Fakat acılı ve yaslı bir ailenin verdiği hukuk mücadelesini onaylayıp desteklemekle birlikte, bu acılı aileye destek verenlere de dikkat etmesi gerekir. Kim ne için destekliyor diye bakması gerekir. Çünkü Marksist sol her durumdan bir vazife çıkartarak Milliyetçileri mahkum etme derdindedirler.
İkincisi; Şehid edilen eski Ülkü Ocakları Genel başkanını hiçbir şekilde tanımayan, onunla aynı ortamda dahi bulunmayan, ellerinden gelse Sinan Ateş ve mensubu olduğu fikirleri, ocağı ve Mhp’yi düşman olarak bellemiş çevreler nasıl olduysa aniden ve birdenbire Sinan Ateş aşığı kesildiler. Gönüllü olarak Ateş’i koruma kollama görevi üslendiler. Başka zamanlarda ve kendi belediyelerinde haktan adaletten hiçbir uygulamaları görülmeyenler birdenbire adalet savaşçısı, hukuk savaşçısı kesildiler. Bu durum iki yüzlülük değil de acaba nedir. Ne umuyor ne bekliyorlar anlamak pek de mümkün değil.
Ülkeden devlet ve millet düşmanı, yabancı kaynaklı ve de Marksist oldukları bilinen ne kadar mahfil, TV kanalları, internet siteleri varsa hepsi konu üzerine adeta atlayarak yangından mal kaçırırcasına hareket ediyor olmaları elbette gözlerden kaçmıyor. Konu sadece Sinan Ateş cinayeti ile kalmıyor ve şerefli bir mazisi olan Ülkü Ocaklarını’ da tarihe gömme gibi bir misyonu üslenmiş görünüyorlar. Buradaki ince çizgiyi ve art niyetlileri iyi ayırt etmek gerekir. Dikkatli olmak gerekir, her yayının doğruluğunu test etmeden inanmamak gerekir.

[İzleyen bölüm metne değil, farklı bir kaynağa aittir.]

(* Let $\alpha\in\mathbb{R}$, $\gamma>0$, and let $\mu$ be a positive Borel measure on $[0,1)$ with moments $\mu_n=\int_{[0,1)}t^n\,d\mu(t)$. Suppose there is $\varepsilon>0$ such that $\mu_n=\mathcal{O}\big(n^{-(\frac{\alpha}{2}+\varepsilon)}\big)$ as $n\to\infty$. Then the generalized Hilbert operator $\mathcal{H}_{\mu,\gamma}$ is well defined on $\mathcal{D}_\alpha$, i.e. for every $f(z)=\sum_{k=0}^\infty a_kz^k\in\mathcal{D}_\alpha$ and every $n\ge 0$ the series $\sum_{k=0}^{\infty}\mu_{n+k}a_k$ converges.
   Context: $\mathbb{D}$ is the open unit disc. For $\alpha\in\mathbb{R}$, the Dirichlet-type space $\mathcal{D}_\alpha$ consists of analytic $f(z)=\sum_{n\ge0}a_nz^n$ on $\mathbb{D}$ with $\|f\|_{\mathcal{D}_\alpha}^2=\sum_{n=0}^\infty (n+1)^{1-\alpha}|a_n|^2<\infty$. For a positive Borel measure $\mu$ on $[0,1)$ and $\gamma>0$, the generalized Hilbert operator is defined on analytic $f(z)=\sum_k a_kz^k$ by $\mathcal{H}_{\mu,\gamma}(f)(z)=\sum_{n=0}^\infty\Big(\sum_{k=0}^\infty \mu_{n+k}a_k\Big)\frac{\Gamma(n+\gamma)}{n!\,\Gamma(\gamma)}z^n$, where $\mu_j=\int_{[0,1)}t^j\,d\mu(t)$. *)

theory Defs
  imports "HOL-Analysis.Analysis" "HOL-Library.Landau_Symbols"
begin

definition moment :: "real measure \<Rightarrow> nat \<Rightarrow> real" where
  "moment M n = (\<integral>t. t ^ n \<partial>M)"

definition borel_measure_on_01 :: "real measure \<Rightarrow> bool" where
  "borel_measure_on_01 M \<longleftrightarrow> space M = {0..<1} \<and> sets M = sets (restrict_space borel {0..<1})"

text \<open>Dirichlet-type space D_alpha, described via Taylor coefficients a of f.\<close>
definition in_Dirichlet_type :: "real \<Rightarrow> (nat \<Rightarrow> complex) \<Rightarrow> bool" where
  "in_Dirichlet_type \<alpha> a \<longleftrightarrow> summable (\<lambda>n. (real n + 1) powr (1 - \<alpha>) * (norm (a n))\<^sup>2)"

end

theory Submission
  imports Defs "HOL-Real_Asymp.Real_Asymp"
begin

text \<open>
  For fixed n the shifted moments mu(n+k) are still O(k powr -(alpha/2 + eps)), so the series
  of mu(n+k)^2 / (k+1) powr (1 - alpha) is dominated by the convergent series of
  k powr (-1 - 2 eps). With w_k = (k+1) powr (1 - alpha), the weight of D_alpha, the termwise
  inequality |b_k a_k| <= (w_k |a_k|^2 + |b_k|^2 / w_k) / 2 then gives absolute convergence of
  the series of mu(n+k) a_k. Neither gamma nor the support of mu plays a role.
\<close>

lemma summable_mult_weighted_square_summable:
  fixes a b :: "nat \<Rightarrow> 'a::{banach, real_normed_algebra}" and w :: "nat \<Rightarrow> real"
  assumes w_pos: "\<And>k. w k > 0"
    and a: "summable (\<lambda>k. w k * (norm (a k))\<^sup>2)"
    and b: "summable (\<lambda>k. (norm (b k))\<^sup>2 / w k)"
  shows "summable (\<lambda>k. b k * a k)"
proof (rule summable_norm_cancel, rule summable_comparison_test')
  show "summable (\<lambda>k. (w k * (norm (a k))\<^sup>2 + (norm (b k))\<^sup>2 / w k) / 2)"
    by (intro summable_divide summable_add a b)
next
  fix k
  have "0 \<le> (w k * norm (a k) - norm (b k))\<^sup>2 / w k"
    using w_pos[of k] by simp
  also have "\<dots> = w k * (norm (a k))\<^sup>2 + (norm (b k))\<^sup>2 / w k - 2 * (norm (b k) * norm (a k))"
    using w_pos[of k] by (simp add: field_simps power2_eq_square)
  finally show "norm (norm (b k * a k)) \<le> (w k * (norm (a k))\<^sup>2 + (norm (b k))\<^sup>2 / w k) / 2"
    using norm_mult_ineq[of "b k" "a k"] by simp
qed

lemma bigo_powr_shift:
  fixes f :: "nat \<Rightarrow> real"
  assumes "f \<in> O(\<lambda>j. real j powr p)"
  shows "(\<lambda>k. f (n + k)) \<in> O(\<lambda>k. real k powr p)"
proof -
  have "filterlim (\<lambda>k. n + k) sequentially sequentially"
    by real_asymp
  with assms have "(\<lambda>k. f (n + k)) \<in> O(\<lambda>k. real (n + k) powr p)"
    by (rule landau_o.big.compose)
  also have "(\<lambda>k. real (n + k) powr p) \<in> O(\<lambda>k. real k powr p)"
    by real_asymp
  finally show ?thesis .
qed

lemma summable_square_div_Dirichlet_weight:
  fixes m :: "nat \<Rightarrow> real" and \<alpha> \<epsilon> :: real
  assumes "\<epsilon> > 0" and "m \<in> O(\<lambda>k. real k powr (-(\<alpha> / 2 + \<epsilon>)))"
  shows "summable (\<lambda>k. (m k)\<^sup>2 / (real k + 1) powr (1 - \<alpha>))"
proof (rule summable_comparison_test_bigo)
  show "summable (\<lambda>k. norm (real k powr (-1 - 2 * \<epsilon>)))"
    using \<open>\<epsilon> > 0\<close> by (simp add: summable_real_powr_iff)
  have "(\<lambda>k. (m k)\<^sup>2 * inverse ((real k + 1) powr (1 - \<alpha>)))
      \<in> O(\<lambda>k. (real k powr (-(\<alpha> / 2 + \<epsilon>)))\<^sup>2 * inverse ((real k + 1) powr (1 - \<alpha>)))"
    using assms(2) by (intro landau_o.big.mult_right landau_o.big_power)
  also have "(\<lambda>k. (real k powr (-(\<alpha> / 2 + \<epsilon>)))\<^sup>2 * inverse ((real k + 1) powr (1 - \<alpha>)))
      \<in> O(\<lambda>k. real k powr (-1 - 2 * \<epsilon>))"
    by real_asymp
  finally show "(\<lambda>k. (m k)\<^sup>2 / (real k + 1) powr (1 - \<alpha>)) \<in> O(\<lambda>k. real k powr (-1 - 2 * \<epsilon>))"
    by (simp add: divide_inverse)
qed

theorem lemma2p1:
  fixes \<alpha> \<gamma> \<epsilon> :: real and M :: "real measure"
  assumes "\<gamma> > 0"
    and "borel_measure_on_01 M"
    and "\<epsilon> > 0"
    and "moment M \<in> O(\<lambda>n. real n powr (-(\<alpha> / 2 + \<epsilon>)))"
  shows "\<forall>a. in_Dirichlet_type \<alpha> a \<longrightarrow>
           (\<forall>n. summable (\<lambda>k. complex_of_real (moment M (n + k)) * a k))"
proof (intro allI impI)
  fix a n
  assume "in_Dirichlet_type \<alpha> a"
  then have a: "summable (\<lambda>k. (real k + 1) powr (1 - \<alpha>) * (norm (a k))\<^sup>2)"
    by (simp add: in_Dirichlet_type_def)
  have "(\<lambda>k. moment M (n + k)) \<in> O(\<lambda>k. real k powr (-(\<alpha> / 2 + \<epsilon>)))"
    using assms(4) by (rule bigo_powr_shift)
  with \<open>\<epsilon> > 0\<close> have "summable (\<lambda>k. (moment M (n + k))\<^sup>2 / (real k + 1) powr (1 - \<alpha>))"
    by (rule summable_square_div_Dirichlet_weight)
  then have b: "summable (\<lambda>k. (norm (complex_of_real (moment M (n + k))))\<^sup>2 / (real k + 1) powr (1 - \<alpha>))"
    by simp
  show "summable (\<lambda>k. complex_of_real (moment M (n + k)) * a k)"
    by (rule summable_mult_weighted_square_summable[OF _ a b]) simp
qed

end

Üçüncüsü: Samimi Ülkücüler ve gerçekten samimiyetle adalet isteyenler. Her ne olursa olsun, meydana gelen bu menfur cinayeti hiçbir şekilde kabullenemeyen, camiada böyle bir durumun yaşanmamasını canı gönülden isteyen ve yine genellikle hesabı kitabı olmayan dürüstçe adalet isteyenler de var. Gerçekten adalet isteyenler işte bunlardır. Cinayetin arkasında ya da önünde neler vardır pek fazla bilmemiş olmalarına rağmen dürüst ve samimi bir insanın yaklaşımı ile bu cinayetin çözülmesini istiyorlar. Siyaseten kim nerededir, kim ayak oyunu yapar, kim üç kağıtçılık yapar pek bilmezler bilme ihtiyacı da duymazlar. Herkesi kendileri gibi dürüst sanırlar. Onlar bir davaya temiz duygularla inanmışlardır. İnançları gereği perde arkasında ne oyunlar oynandığını da pek bilmezler. Bilmeleri bazen pek mümkün olmaz. Onlar davalarının adamıdırlar. Saftırlar, temiz yüreklidirler. Her söyleneni söyleyeni kendileri gibi bildiklerinden inanmakta da beis görmezler.
İnancımız odur ki; meydana gelen bu cinayetin aydınlanması ve suçluların da cezalarının verilmesidir.